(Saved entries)
lemma E_len_less:
  assumes a: "0 < a" and P: "P \<in> monic_circle_polys m"
    and big: "a < measure lebesgue {t \<in> {0..<2*pi}. cmod (poly P (cis t)) < c}"
  shows "E_len m a < c"
proof -
  let ?U = "{t \<in> {0..<2*pi}. cmod (poly P (cis t)) < c}"
  have U: "?U \<in> lmeasurable" by (rule circle_level_sets_lmeasurable)
  have "0 < measure lebesgue ?U - a" using big by simp
  then obtain T where T: "closed T" "T \<subseteq> ?U" "?U - T \<in> lmeasurable"
      "emeasure lebesgue (?U - T) < ennreal (measure lebesgue ?U - a)"
    by (rule sets_lebesgue_inner_closed[OF fmeasurableD[OF U]])
  have "T \<subseteq> {0..2*pi}" using T(2) by auto
  then have "bounded T" by (rule bounded_subset[rotated]) simp
  then have "compact T" using T(1) compact_eq_bounded_closed by blast
  have "measure lebesgue (?U - T) = measure lebesgue ?U - measure lebesgue T"
    using T(2) by (intro measurable_measure_Diff U fmeasurableD lmeasurable_compact \<open>compact T\<close>)
  moreover have "measure lebesgue (?U - T) < measure lebesgue ?U - a"
  proof -
    have "emeasure lebesgue (?U - T) = ennreal (measure lebesgue (?U - T))"
      by (rule emeasure_eq_measure2[OF T(3)])
    then have "ennreal (measure lebesgue (?U - T)) < ennreal (measure lebesgue ?U - a)"
      using T(4) by simp
    then show ?thesis by (simp add: ennreal_less_iff)
  qed
  ultimately have "a \<le> measure lebesgue T" by linarith
  then obtain K where K: "compact K" "K \<subseteq> T" "measure lebesgue K = a"
    by (rule compact_subset_with_measure[OF \<open>compact T\<close> less_imp_le[OF a]])
  have "K \<noteq> {}" using K(3) a by force
  have "continuous_on K (\<lambda>t. cmod (poly P (cis t)))" by (intro continuous_intros)
  then obtain t0 where t0: "t0 \<in> K" "\<forall>t\<in>K. cmod (poly P (cis t)) \<le> cmod (poly P (cis t0))"
    using continuous_attains_sup[OF K(1) \<open>K \<noteq> {}\<close>] by blast
  have KU: "K \<subseteq> {0..<2*pi}" using K(2) T(2) by auto
  have Q: "cis ` K \<in> arc_sets a" using cis_image_arc_sets[OF KU K(1)] K(3) by simp
  have "E_len m a \<le> E_set m (cis ` K)"
    unfolding E_len_arc_sets by (rule cINF_lower[OF bdd_below_E_set[OF a] Q])
  also have "\<dots> \<le> (SUP z\<in>cis ` K. cmod (poly P z))"
    using \<open>K \<noteq> {}\<close> by (intro E_set_le[OF P] compact_continuous_image continuous_intros K(1)) auto
  also have "\<dots> \<le> cmod (poly P (cis t0))"
    using t0 \<open>K \<noteq> {}\<close> by (intro cSUP_least) auto
  also have "\<dots> < c" using t0(1) K(2) T(2) by auto
  finally show ?thesis .
qed

lemma E_len_approx:
  assumes a: "0 < a" "a < 2*pi" and e: "0 < e"
  obtains P where "P \<in> monic_circle_polys m"
    "a \<le> measure lebesgue {t \<in> {0..<2*pi}. cmod (poly P (cis t)) \<le> E_len m a + e}"
proof -
  have "(INF Q\<in>arc_sets a. E_set m Q) < E_len m a + e"
    unfolding E_len_arc_sets using e by simp
  then obtain Q where Q: "Q \<in> arc_sets a" "E_set m Q < E_len m a + e"
    using cINF_less_iff[OF arc_sets_nonempty[OF less_imp_le[OF a(1)] a(2)] bdd_below_E_set[OF a(1)]]
    by blast
  have Qc: "compact Q" "arc_length Q = a" "Q \<noteq> {}"
    using Q(1) arc_sets_member_nonempty a by (auto simp: arc_sets_def)
  obtain P where P: "P \<in> monic_circle_polys m" "(SUP z\<in>Q. cmod (poly P z)) < E_len m a + e"
    using Q(2)[unfolded E_set_def] cINF_less_iff[OF admissible_nonempty bdd_below_sup_norm_poly[OF Qc(1,3)]]
    by blast
  have sub: "{t \<in> {0..<2*pi}. cis t \<in> Q} \<subseteq> {t \<in> {0..<2*pi}. cmod (poly P (cis t)) \<le> E_len m a + e}"
  proof
    fix t assume "t \<in> {t \<in> {0..<2*pi}. cis t \<in> Q}"
    then have "t \<in> {0..<2*pi}" "cis t \<in> Q" by auto
    then show "t \<in> {t \<in> {0..<2*pi}. cmod (poly P (cis t)) \<le> E_len m a + e}"
      using sup_norm_poly_upper[OF Qc(1) \<open>cis t \<in> Q\<close>, of P] P(2) by auto
  qed
  have "a = measure lebesgue {t \<in> {0..<2*pi}. cis t \<in> Q}"
    using Qc(2) unfolding arc_length_def by (rule sym)
  also have "\<dots> \<le> measure lebesgue {t \<in> {0..<2*pi}. cmod (poly P (cis t)) \<le> E_len m a + e}"
    by (rule measure_mono_fmeasurable[OF sub
          fmeasurableD[OF circle_preimage_lmeasurable[OF compact_imp_closed[OF Qc(1)]]]
          circle_level_sets_lmeasurable(1)])
  finally show ?thesis by (rule that[OF P(1)])
qed

text \<open>Fact (2): E_m(a) is attained, via a pointwise limit of near-extremal polynomials.\<close>
lemma E_len_attained:
  assumes a: "0 < a" "a < 2*pi"
  obtains P0 where "P0 \<in> monic_circle_polys m"
    "a \<le> measure lebesgue {t \<in> {0..<2*pi}. cmod (poly P0 (cis t)) \<le> E_len m a}"
proof -
  define h where "h = E_len m a"
  define A where "A P e = {t \<in> {0..<2*pi}. cmod (poly P (cis t)) \<le> h + e}" for P e
  have near: "\<exists>P. P \<in> monic_circle_polys m \<and> a \<le> measure lebesgue (A P (inverse (real (Suc n))))" for n
  proof -
    have "0 < inverse (real (Suc n))" by simp
    then obtain P where "P \<in> monic_circle_polys m"
      "a \<le> measure lebesgue {t \<in> {0..<2*pi}. cmod (poly P (cis t)) \<le> E_len m a + inverse (real (Suc n))}"
      by (rule E_len_approx[OF a])
    then show ?thesis unfolding A_def h_def by blast
  qed
  define P where "P n = (SOME P. P \<in> monic_circle_polys m
      \<and> a \<le> measure lebesgue (A P (inverse (real (Suc n)))))" for n
  have P: "\<And>n. P n \<in> monic_circle_polys m"
    "\<And>n. a \<le> measure lebesgue (A (P n) (inverse (real (Suc n))))"
    using someI_ex[OF near] unfolding P_def by blast+
  obtain r P0 where r: "strict_mono r" and P0: "P0 \<in> monic_circle_polys m"
    and lim: "\<And>z. (\<lambda>n. poly (P (r n)) z) \<longlonglongrightarrow> poly P0 z"
    using admissible_convergent_subseq[where P = P, OF P(1)] by blast
  have "a \<le> measure lebesgue (A P0 0)"
  proof (rule measure_limsup_ge[of "\<lambda>n. A (P (r n)) (inverse (real (Suc (r n))))"])
    show "A (P (r n)) (inverse (real (Suc (r n)))) \<in> sets lebesgue" for n
      unfolding A_def by (rule fmeasurableD[OF circle_level_sets_lmeasurable(1)])
    show "A (P (r n)) (inverse (real (Suc (r n)))) \<subseteq> {0..<2*pi}" for n by (auto simp: A_def)
    show "{0..<2*pi::real} \<in> lmeasurable" by (rule period_lmeasurable)
    show "A P0 0 \<in> lmeasurable" unfolding A_def by (rule circle_level_sets_lmeasurable(1))
    show "a \<le> measure lebesgue (A (P (r n)) (inverse (real (Suc (r n)))))" for n by (rule P(2))
    fix t assume freq: "\<forall>N. \<exists>n\<ge>N. t \<in> A (P (r n)) (inverse (real (Suc (r n))))"
    then have t: "t \<in> {0..<2*pi}" by (auto simp: A_def)
    txt \<open>Along the subsequence, |P (r n) (cis t)| minus the tolerance tends to |P0 (cis t)|
      and is infinitely often at most h.\<close>
    define f where "f n = cmod (poly (P (r n)) (cis t)) - inverse (real (Suc (r n)))" for n
    have "f \<longlonglongrightarrow> cmod (poly P0 (cis t)) - 0"
      unfolding f_def using LIMSEQ_subseq_LIMSEQ[OF LIMSEQ_inverse_real_of_nat r]
      by (intro tendsto_diff tendsto_norm lim) (simp add: o_def)
    then have f_lim: "f \<longlonglongrightarrow> cmod (poly P0 (cis t))" by simp
    have f_freq: "\<exists>n\<ge>N. f n \<le> h" for N
    proof -
      obtain n where "n \<ge> N" "t \<in> A (P (r n)) (inverse (real (Suc (r n))))" using freq by blast
      then show ?thesis unfolding A_def f_def by auto
    qed
    have "cmod (poly P0 (cis t)) \<le> h"
    proof (rule ccontr)
      assume "\<not> cmod (poly P0 (cis t)) \<le> h"
      then have "\<forall>\<^sub>F n in sequentially. h < f n" using f_lim by (intro order_tendstoD(1)) auto
      then obtain N where "\<And>n. n \<ge> N \<Longrightarrow> h < f n" unfolding eventually_sequentially by blast
      then show False using f_freq[of N] by force
    qed
    then show "t \<in> A P0 0" using t by (simp add: A_def)
  qed
  then have "a \<le> measure lebesgue {t \<in> {0..<2*pi}. cmod (poly P0 (cis t)) \<le> E_len m a}"
    by (simp only: A_def h_def add_0_right)
  then show ?thesis by (rule that[OF P0])
qed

▶ _Assigned task_: From the preceding records, count the lines where "subseteq" occurs and reply with the number only.

▶ _Finished task_: 6